I keep on a Skeleton Jack and Zero decal year round on my car....


----------



## kittyvibe (Oct 27, 2008)

The only thing Ive done this year is use the support Halloween magnet. :3


----------



## CasketRepair (Sep 28, 2009)

I usually close up a hand in the tailgate of my truck so that the fingers are sticking out.


----------



## Knucks (Oct 1, 2011)

This year we are doing a toxic waste accident quarantine type haunt and I'm going to pull my 1999 Crown Victoria Police Interceptor up halfway in the driveway with a light and dummy hanging out of it.


----------



## SkellyCat (Oct 30, 2008)

This year I have a new guy hanging from my rear-view mirror:


----------



## The Chosen One (Sep 19, 2011)

there in my car until I can hang them up


----------



## stormygirl84 (Sep 4, 2009)

Not really, but I do put my Radar Beanie Buddy on my dashboard!


----------



## Madame Leota (Sep 19, 2005)

Wow - I seriously need new contacts. I read the title of this thread as "Anyone Decorate Their *Cats*?" I don't, but I really wanted to see what kind of people did! 

I don't really decorate my car either, but I do have a "Support Zombies" magnetic ribbon. I plan to leave it until someone steals it.


----------



## stormygirl84 (Sep 4, 2009)

Madame Leota said:


> Wow - I seriously need new contacts. I read the title of this thread as "Anyone Decorate Their *Cats*?" I don't, but I really wanted to see what kind of people did! .


Bahaha! Have you ever seen those coffee table books with the photography of painted cats (literally, pet cats that have been painted on)? That's what I immediately thought of when I read your post...


----------



## netsirk (Oct 6, 2004)

I have monster hands on the back of my window, some pumpkin and ghost magnets, a "I love Halloween " license plate frame and this year I have added a 5' Bucky strapped into the passenger seat...will post pics soon


----------



## kallie (Dec 4, 2007)

MHooch does!!! I bet she has a pic in her albums. Go check it out!

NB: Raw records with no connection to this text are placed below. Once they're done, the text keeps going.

lemma quad_form_mono_neutral:
  assumes "finite S" "T \<subseteq> S" "\<forall>u\<in>S - T. v u = 0"
  shows "quad_form S A v = quad_form T A v"
proof -
  have "quad_form S A v = (\<Sum>x\<in>T. \<Sum>y\<in>S. cnj (v x) * A x y * v y)"
    unfolding quad_form_def by (rule sum.mono_neutral_right) (use assms in auto)
  also have "\<dots> = quad_form T A v"
    unfolding quad_form_def by (intro sum.cong refl sum.mono_neutral_right) (use assms in auto)
  finally show ?thesis .
qed

lemma quad_form_single:
  assumes "finite S" "x \<in> S"
  shows "quad_form S A (\<lambda>u. if u = x then a else 0) = cnj a * A x x * a"
proof -
  have "quad_form S A (\<lambda>u. if u = x then a else 0) = quad_form {x} A (\<lambda>u. if u = x then a else 0)"
    by (rule quad_form_mono_neutral) (use assms in auto)
  then show ?thesis by (simp add: quad_form_def)
qed

lemma quad_form_pair:
  assumes "finite S" "x \<in> S" "y \<in> S" "x \<noteq> y"
  shows "quad_form S A (\<lambda>u. if u = x then a else if u = y then b else 0)
       = cnj a * A x x * a + cnj a * A x y * b + cnj b * A y x * a + cnj b * A y y * b"
proof -
  have "quad_form S A (\<lambda>u. if u = x then a else if u = y then b else 0)
      = quad_form {x,y} A (\<lambda>u. if u = x then a else if u = y then b else 0)"
    by (rule quad_form_mono_neutral) (use assms in auto)
  then show ?thesis using assms(4) by (simp add: quad_form_def algebra_simps)
qed

lemma psd_diag_nonneg:
  assumes "finite S" "psd S A" "x \<in> S"
  shows "0 \<le> A x x"
proof -
  have "0 \<le> quad_form S A (\<lambda>u. if u = x then 1 else 0)"
    using assms(2) unfolding psd_iff_quad_form_nonneg ..
  then show ?thesis by (simp add: quad_form_single[OF assms(1,3)])
qed

text \<open>Testing \<open>v = e\<^sub>x + e\<^sub>y\<close> and \<open>v = e\<^sub>x + \<i> e\<^sub>y\<close> pins down the imaginary and the real part of
  \<open>A x y - cnj (A y x)\<close>.\<close>
lemma psd_hermitian:
  assumes fin: "finite S" and P: "psd S A" and xy: "x \<in> S" "y \<in> S"
  shows "A x y = cnj (A y x)"
proof (cases "x = y")
  case True
  then show ?thesis using psd_diag_nonneg[OF fin P xy(1)] by (simp add: complex_eq_iff less_eq_complex_def)
next
  case False
  have diag: "Im (A x x) = 0" "Im (A y y) = 0"
    using psd_diag_nonneg[OF fin P] xy by (auto simp: less_eq_complex_def)
  have "0 \<le> quad_form S A (\<lambda>u. if u = x then 1 else if u = y then b else 0)" for b
    using P by (simp add: psd_iff_quad_form_nonneg)
  from this[of 1] this[of \<i>] have "Im (A x y) + Im (A y x) = 0" "Re (A x y) - Re (A y x) = 0"
    using diag unfolding quad_form_pair[OF fin xy False] by (auto simp: less_eq_complex_def)
  then show ?thesis by (simp add: complex_eq_iff)
qed

lemma psd_subset:
  assumes "finite S" "T \<subseteq> S" "psd S A"
  shows "psd T A"
  unfolding psd_iff_quad_form_nonneg
proof
  fix v
  let ?w = "\<lambda>u. if u \<in> T then v u else (0::complex)"
  have "quad_form S A ?w = quad_form T A ?w" by (rule quad_form_mono_neutral) (use assms in auto)
  also have "\<dots> = quad_form T A v" by (rule quad_form_cong) auto
  finally show "0 \<le> quad_form T A v" using assms(3) unfolding psd_iff_quad_form_nonneg by metis
qed

lemma quad_form_add_point:
  assumes "finite S" "s \<in> S"
  shows "quad_form S A (\<lambda>u. v u + (if u = s then t else 0)) = quad_form S A v
     + t * (\<Sum>x\<in>S. cnj (v x) * A x s) + cnj t * (\<Sum>y\<in>S. A s y * v y) + cnj t * A s s * t"
proof -
  have "cnj (v x + (if x = s then t else 0)) * A x y * (v y + (if y = s then t else 0))
     = cnj (v x) * A x y * v y + (if y = s then cnj (v x) * A x s * t else 0)
       + (if x = s then cnj t * A s y * v y else 0) + (if x = s then if y = s then cnj t * A s s * t else 0 else 0)"
    for x y by (auto simp: algebra_simps)
  moreover have "(\<Sum>y\<in>S. if P then f y else 0) = (if P then sum f S else 0)" for P and f :: "'a \<Rightarrow> complex"
    by simp
  ultimately show ?thesis
    unfolding quad_form_def using assms
    by (simp add: sum.distrib sum_distrib_left sum_distrib_right algebra_simps)
qed

text \<open>When \<open>A s s = 0\<close> this is \<open>A\<close> itself, as \<open>z / 0 = 0\<close>.\<close>
definition schur_compl :: "('a \<Rightarrow> 'a \<Rightarrow> complex) \<Rightarrow> 'a \<Rightarrow> 'a \<Rightarrow> 'a \<Rightarrow> complex" where
  "schur_compl A s = (\<lambda>x y. A x y - A x s * A s y / A s s)"

text \<open>The quadratic form of the complement at \<open>v\<close> is that of \<open>A\<close> at \<open>v - ((A v) s / A s s) e\<^sub>s\<close>.\<close>
lemma psd_schur_compl:
  assumes fin: "finite S" and sS: "s \<in> S" and P: "psd S A"
  shows "psd S (schur_compl A s)"
proof (cases "A s s = 0")
  case True
  then show ?thesis using P by (simp add: schur_compl_def)
next
  case False
  have H: "\<And>x. x \<in> S \<Longrightarrow> A x s = cnj (A s x)" using psd_hermitian[OF fin P _ sS] by blast
  have real: "cnj (A s s) = A s s" using H[OF sS] by simp
  show ?thesis unfolding psd_iff_quad_form_nonneg
  proof
    fix v :: "'a \<Rightarrow> complex"
    define \<alpha> where "\<alpha> = (\<Sum>y\<in>S. A s y * v y)"
    have col: "(\<Sum>x\<in>S. cnj (v x) * A x s) = cnj \<alpha>"
      unfolding \<alpha>_def by (simp add: H mult.commute)
    have "(\<Sum>x\<in>S. \<Sum>y\<in>S. (cnj (v x) * A x s) * (A s y * v y) / A s s)
        = (\<Sum>x\<in>S. cnj (v x) * A x s) * (\<Sum>y\<in>S. A s y * v y) / A s s"
      by (simp add: sum_distrib_left sum_distrib_right sum_divide_distrib, rule sum.swap)
    then have "quad_form S (schur_compl A s) v = quad_form S A v - cnj \<alpha> * \<alpha> / A s s"
      unfolding quad_form_def schur_compl_def col \<alpha>_def[symmetric] by (simp add: algebra_simps sum_subtractf)
    also have "\<dots> = quad_form S A (\<lambda>u. v u + (if u = s then - \<alpha> / A s s else 0))"
    proof -
      have "cnj (- \<alpha> / A s s) = - cnj \<alpha> / A s s" using real by simp
      then show ?thesis
        unfolding quad_form_add_point[OF fin sS] col \<alpha>_def[symmetric] using False
        by (simp add: field_simps)
    qed
    finally show "0 \<le> quad_form S (schur_compl A s) v" using P unfolding psd_iff_quad_form_nonneg by metis
  qed
qed

lemma psd_zero_diag_imp_zero_row:
  assumes fin: "finite S" and P: "psd S A" and sS: "s \<in> S" and yS: "y \<in> S" and z: "A s s = 0"
  shows "A s y = 0"
proof (rule ccontr)
  assume ne: "A s y \<noteq> 0"
  then have sy: "s \<noteq> y" using z by auto
  define r where "r = (Re (A y y) + 1) / (2 * (cmod (A s y))\<^sup>2)"
  have "0 < (cmod (A s y))\<^sup>2" using ne by simp
  then have r: "2 * r * (cmod (A s y))\<^sup>2 = Re (A y y) + 1" unfolding r_def by simp
  define t where "t = - complex_of_real r * A s y"
  have "0 \<le> quad_form S A (\<lambda>u. if u = s then t else if u = y then 1 else 0)"
    using P unfolding psd_iff_quad_form_nonneg ..
  then have "0 \<le> Re (cnj t * A s y + cnj (A s y) * t + A y y)"
    unfolding quad_form_pair[OF fin sS yS sy] psd_hermitian[OF fin P yS sS] z by (simp add: less_eq_complex_def)
  also have "\<dots> = Re (A y y) - 2 * r * (cmod (A s y))\<^sup>2"
    unfolding t_def cmod_power2 by (simp add: algebra_simps power2_eq_square)
  finally show False using r by simp
qed

lemma schur_compl_zero_row_col:
  assumes "finite S" "psd S A" "s \<in> S" "y \<in> S"
  shows "schur_compl A s s y = 0" "schur_compl A s y s = 0"
proof -
  have "A s y = 0 \<and> A y s = 0" if "A s s = 0"
    using psd_zero_diag_imp_zero_row[OF assms(1-4) that] psd_hermitian[OF assms(1,2,4,3)] by simp
  then show "schur_compl A s s y = 0" "schur_compl A s y s = 0"
    unfolding schur_compl_def by (cases "A s s = 0"; simp)+
qed

text \<open>The removed rank-one part \<open>A x s * A s y / A s s\<close> is \<open>a x * cnj (a y)\<close> for the column
  \<open>a = A \<cdot> s / sqrt (A s s)\<close>.\<close>
lemma psd_schur_compl_rank_one:
  assumes fin: "finite S" and P: "psd S A" and sS: "s \<in> S"
  obtains a where "\<And>x y. x \<in> S \<Longrightarrow> y \<in> S \<Longrightarrow> A x y = schur_compl A s x y + a x * cnj (a y)"
proof
  define r where "r = complex_of_real (sqrt (Re (A s s)))"
  have "0 \<le> A s s" by (rule psd_diag_nonneg[OF fin P sS])
  then have "r * r = A s s" unfolding r_def by (simp add: less_eq_complex_def complex_eq_iff)
  moreover have "cnj r = r" unfolding r_def by simp
  moreover have "cnj (A y s) = A s y" if "y \<in> S" for y using psd_hermitian[OF fin P sS that] by simp
  ultimately show "A x y = schur_compl A s x y + A x s / r * cnj (A y s / r)" if "x \<in> S" "y \<in> S" for x y
    using that unfolding schur_compl_def by simp
qed

lemma psd_gram:
  assumes "finite S" "psd S A"
  shows "\<exists>W (m::nat). \<forall>x\<in>S. \<forall>y\<in>S. A x y = (\<Sum>k<m. W k x * cnj (W k y))"
  using assms
proof (induction S arbitrary: A rule: finite_induct)
  case empty
  then show ?case by auto
next
  case (insert s S A)
  let ?S = "insert s S"
  have fin: "finite ?S" and sS: "s \<in> ?S" using insert.hyps by auto
  obtain a where a: "\<And>x y. x \<in> ?S \<Longrightarrow> y \<in> ?S \<Longrightarrow> A x y = schur_compl A s x y + a x * cnj (a y)"
    using psd_schur_compl_rank_one[OF fin insert.prems sS] by blast
  have "psd S (schur_compl A s)"
    using psd_subset[OF fin _ psd_schur_compl[OF fin sS insert.prems]] by blast
  then obtain W and m :: nat where W: "\<forall>x\<in>S. \<forall>y\<in>S. schur_compl A s x y = (\<Sum>k<m. W k x * cnj (W k y))"
    using insert.IH by blast
  define W' where "W' k x = (if k = m then a x else if x = s then 0 else W k x)" for k x
  have "schur_compl A s x y = (\<Sum>k<m. W' k x * cnj (W' k y))" if "x \<in> ?S" "y \<in> ?S" for x y
  proof (cases "x = s \<or> y = s")
    case True
    then show ?thesis
      using that schur_compl_zero_row_col[OF fin insert.prems sS] unfolding W'_def by auto
  next
    case False
    then show ?thesis using that W insert.hyps(2) unfolding W'_def by auto
  qed
  then have "\<forall>x\<in>?S. \<forall>y\<in>?S. A x y = (\<Sum>k<Suc m. W' k x * cnj (W' k y))"
    using a by (simp add: W'_def)
  then show ?case by blast
qed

I have no idea where to begin to find that pic.


----------



## Bella LaGhostly (Aug 10, 2009)

LMAO Leota!  There must be something in the water down here, because I thought it said *cats*, too!


----------



## netsirk (Oct 6, 2004)

*My car*

Here are my pics...


----------



## Halloweenie1 (Sep 28, 2008)

The Chosen One said:


> there in my car until I can hang them up


*Great! ....Also loved Netsirk's too!*  *H1*


----------



## Halloweenie1 (Sep 28, 2008)

*Here are few fun pics I found on the net.....*


----------



## TrickRTreater (Mar 24, 2011)

I'm thinking about it.


----------



## BR1MSTON3 (Jul 31, 2010)

kallie said:


> MHooch does!!! I bet she has a pic in her albums. Go check it out! I have no idea where to begin to find that pic.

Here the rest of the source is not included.